Tanda Air Radiator Sudah Harus Dikuras
Ada beberapa tanda yang menunjukkan bahwa Anda perlu segera melakukan cara kuras air radiator mobil, di antaranya:
- Warna air radiator berubah menjadi keruh atau kecokelatan.
- Suhu mesin lebih cepat naik dari biasanya.
- Terlihat endapan atau kotoran pada tutup radiator.
- Air radiator sering berkurang tanpa sebab yang jelas.
- Mobil sudah menempuh jarak servis radiator.
Jika tanda-tanda tersebut mulai muncul, sebaiknya segera lakukan pengurasan radiator untuk mencegah kerusakan yang lebih serius.

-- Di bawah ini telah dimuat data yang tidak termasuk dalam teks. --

lemma class_K_inf_small:
  assumes "class_K_inf \<alpha>" "0 < e"
  obtains d where "0 < d" "\<And>r. 0 \<le> r \<Longrightarrow> r < d \<Longrightarrow> \<alpha> r < e"
proof -
  have "continuous_on {0..} \<alpha>" "\<alpha> 0 = 0"
    using assms(1) unfolding class_K_inf_def by auto
  then obtain d where "0 < d" and d: "\<And>r. r \<in> {0..} \<Longrightarrow> dist r 0 < d \<Longrightarrow> dist (\<alpha> r) 0 < e"
    using \<open>0 < e\<close> unfolding continuous_on_iff by (metis atLeast_iff order_refl)
  show ?thesis
  proof (rule that[OF \<open>0 < d\<close>])
    show "\<alpha> r < e" if "0 \<le> r" "r < d" for r
      using d[of r] that by (simp add: dist_real_def abs_less_iff)
  qed
qed

definition lyapunov_descent ::
  "'a::real_inner set \<Rightarrow> 'a \<Rightarrow> ('a \<Rightarrow> 'a) \<Rightarrow> (real \<Rightarrow> real) \<Rightarrow> (real \<Rightarrow> 'a) \<Rightarrow> real \<Rightarrow> bool" where
  "lyapunov_descent X xstar DU \<sigma> x t0 \<longleftrightarrow>
     (\<forall>t\<ge>t0. x t \<in> X \<and>
        (\<exists>v. (x has_vector_derivative v) (at t within {t0..}) \<and> DU (x t) \<bullet> v \<le> - \<sigma> (norm (x t - xstar))))"

lemma lyapunov_descent_later:
  assumes "lyapunov_descent X xstar DU \<sigma> x t0" "t0 \<le> s"
  shows "lyapunov_descent X xstar DU \<sigma> x s"
  unfolding lyapunov_descent_def
proof (intro allI impI)
  fix t assume "s \<le> t"
  with assms obtain v where "x t \<in> X" "DU (x t) \<bullet> v \<le> - \<sigma> (norm (x t - xstar))"
    and "(x has_vector_derivative v) (at t within {t0..})"
    unfolding lyapunov_descent_def by (meson order_trans)
  moreover have "{s..} \<subseteq> {t0..}"
    using \<open>t0 \<le> s\<close> by auto
  ultimately show "x t \<in> X \<and>
      (\<exists>v. (x has_vector_derivative v) (at t within {s..}) \<and> DU (x t) \<bullet> v \<le> - \<sigma> (norm (x t - xstar)))"
    by (blast intro: has_vector_derivative_within_subset)
qed
lemma det_sum_mult_eq_0_if_card_less:
  fixes F :: "nat \<Rightarrow> 'b \<Rightarrow> 'a :: comm_ring_1"
  assumes "finite S" "card S < n"
  shows "det (mat n n (\<lambda>(p, p'). \<Sum>\<sigma>\<in>S. F p \<sigma> * G \<sigma> p')) = 0"
proof -
  define q where "q = card S"
  obtain e where e: "bij_betw e {0..<q} S"
    using ex_bij_betw_nat_finite[OF assms(1)] q_def by blast
  define X where "X = mat n q (\<lambda>(p, k). F p (e k))"
  define Y where "Y = mat q n (\<lambda>(k, p'). G (e k) p')"
  have "mat n n (\<lambda>(p, p'). \<Sum>\<sigma>\<in>S. F p \<sigma> * G \<sigma> p') = X * Y"
    by (rule eq_matI)
      (auto simp: X_def Y_def index_mult_mat scalar_prod_def sum.reindex_bij_betw[OF e, symmetric])
  then show ?thesis
    using assms(2) det_mult_eq_0_if_inner_dim_less[of X n q Y] by (simp add: X_def Y_def q_def)
qed

text \<open>For l, l' < a, the (l, l') coefficient of multiplication by f on C[t]/t^a.\<close>

definition fps_toeplitz :: "'a :: comm_semiring_1 fps \<Rightarrow> nat \<Rightarrow> nat \<Rightarrow> 'a" where
  "fps_toeplitz f l l' = (if l' \<le> l then fps_nth f (l - l') else 0)"

lemma fps_toeplitz_mult:
  assumes "l < a"
  shows "fps_toeplitz (f * g) l l' = (\<Sum>l1<a. fps_toeplitz f l l1 * fps_toeplitz g l1 l')"
proof -
  have "(\<Sum>l1<a. fps_toeplitz f l l1 * fps_toeplitz g l1 l') =
      (\<Sum>l1\<in>{l'..l}. fps_nth f (l - l1) * fps_nth g (l1 - l'))"
    using assms by (intro sum.mono_neutral_cong_right) (auto simp: fps_toeplitz_def)
  also have "\<dots> = fps_toeplitz (f * g) l l'"
  proof (cases "l' \<le> l")
    case True
    have "(\<Sum>l1\<in>{l'..l}. fps_nth f (l - l1) * fps_nth g (l1 - l')) =
        (\<Sum>u = 0..l - l'. fps_nth f u * fps_nth g (l - l' - u))"
      using True by (intro sum.reindex_bij_witness[of _ "\<lambda>u. l - u" "\<lambda>l1. l - l1"]) auto
    then show ?thesis using True by (simp add: fps_toeplitz_def fps_mult_nth)
  qed (simp add: fps_toeplitz_def)
  finally show ?thesis ..
qed

lemma fps_toeplitz_sum: "fps_toeplitz (\<Sum>k\<in>K. f k) l l' = (\<Sum>k\<in>K. fps_toeplitz (f k) l l')"
  by (simp add: fps_toeplitz_def fps_sum_nth)

lemma fps_toeplitz_X_power: "fps_toeplitz (fps_X ^ c) l l' = (if l = l' + c then 1 else 0)"
  by (auto simp: fps_toeplitz_def fps_X_power_nth)

lemma fps_toeplitz_tpow_mult_eq_0:
  assumes "\<not> e \<le> enat l"
  shows "fps_toeplitz (tpow e * f) l l' = 0"
proof (cases e)
  case (enat c)
  then have "l < c" using assms by simp
  then show ?thesis using enat by (auto simp: tpow_def fps_toeplitz_def fps_X_power_mult_nth)
qed (simp add: tpow_def fps_toeplitz_def)

definition block_toeplitz :: "'a :: comm_semiring_1 fps mat \<Rightarrow> nat \<times> nat \<Rightarrow> nat \<times> nat \<Rightarrow> 'a" where
  "block_toeplitz A p q = fps_toeplitz (A $$ (fst p, fst q)) (snd p) (snd q)"

lemma block_toeplitz_Pair [simp]:
  "block_toeplitz A (i, l) (j, l') = fps_toeplitz (A $$ (i, j)) l l'"
  by (simp add: block_toeplitz_def)

lemma block_toeplitz_mult:
  assumes "A \<in> carrier_mat r m" "B \<in> carrier_mat m s" "i < r" "j < s" "l < a"
  shows "block_toeplitz (A * B) (i, l) (j, l') =
    (\<Sum>\<sigma>\<in>{..<m} \<times> {..<a}. block_toeplitz A (i, l) \<sigma> * block_toeplitz B \<sigma> (j, l'))"
proof -
  have "(A * B) $$ (i, j) = (\<Sum>k<m. A $$ (i, k) * B $$ (k, j))"
    using assms by (simp add: index_mult_mat scalar_prod_def atLeast0LessThan)
  then show ?thesis
    using assms(5)
    by (simp add: block_toeplitz_def fps_toeplitz_sum fps_toeplitz_mult sum.cartesian_product split_def)
qed

lemma delta_mat_carrier [simp]: "delta_mat r s lam \<in> carrier_mat r s"
  by (simp add: delta_mat_def)

lemma delta_mat_mult_index:
  assumes "h \<in> carrier_mat s s" "r \<le> s" "k < r" "j < s"
  shows "(delta_mat r s lam * h) $$ (k, j) = tpow (lam k) * h $$ (s - r + k, j)"
proof -
  have "(delta_mat r s lam * h) $$ (k, j) =
      (\<Sum>j'\<in>{0..<s}. delta_mat r s lam $$ (k, j') * h $$ (j', j))"
    using assms by (simp add: index_mult_mat scalar_prod_def delta_mat_def)
  also have "\<dots> = (\<Sum>j'\<in>{0..<s}. (if j' = s - r + k then tpow (lam k) else 0) * h $$ (j', j))"
    using assms by (intro sum.cong refl) (auto simp: delta_mat_def)
  also have "\<dots> = tpow (lam k) * h $$ (s - r + k, j)"
    using assms by (simp add: if_distrib[of "\<lambda>x. x * _"] sum.delta cong: if_cong)
  finally show ?thesis .
qed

Tips Agar Sistem Pendingin Mobil Lebih Awet
Selain memahami cara kuras air radiator mobil, ada beberapa tips tambahan agar sistem pendingin kendaraan tetap awet.
- Gunakan coolant berkualitas sesuai rekomendasi pabrikan.
- Hindari penggunaan air keran biasa dalam jangka panjang.
- Periksa kondisi selang radiator secara rutin.
- Bersihkan bagian kisi-kisi radiator dari kotoran.
- Periksa kipas radiator agar selalu berfungsi dengan baik.
Perawatan sederhana ini dapat membantu menjaga sistem pendingin tetap bekerja optimal.
Melakukan cara kuras air radiator mobil secara rutin merupakan bagian penting dari perawatan kendaraan. Dengan mengganti air radiator menggunakan cairan coolant yang tepat, sistem pendingin akan bekerja lebih maksimal dan mesin mobil terhindar dari risiko overheat.
Selain itu, memahami cara kuras air radiator mobil juga dapat membantu pemilik kendaraan menghemat biaya perawatan karena prosesnya sebenarnya cukup mudah dilakukan sendiri di rumah.
Dengan perawatan yang tepat dan rutin, performa mesin mobil akan tetap terjaga dan usia pakai komponen radiator pun menjadi lebih panjang.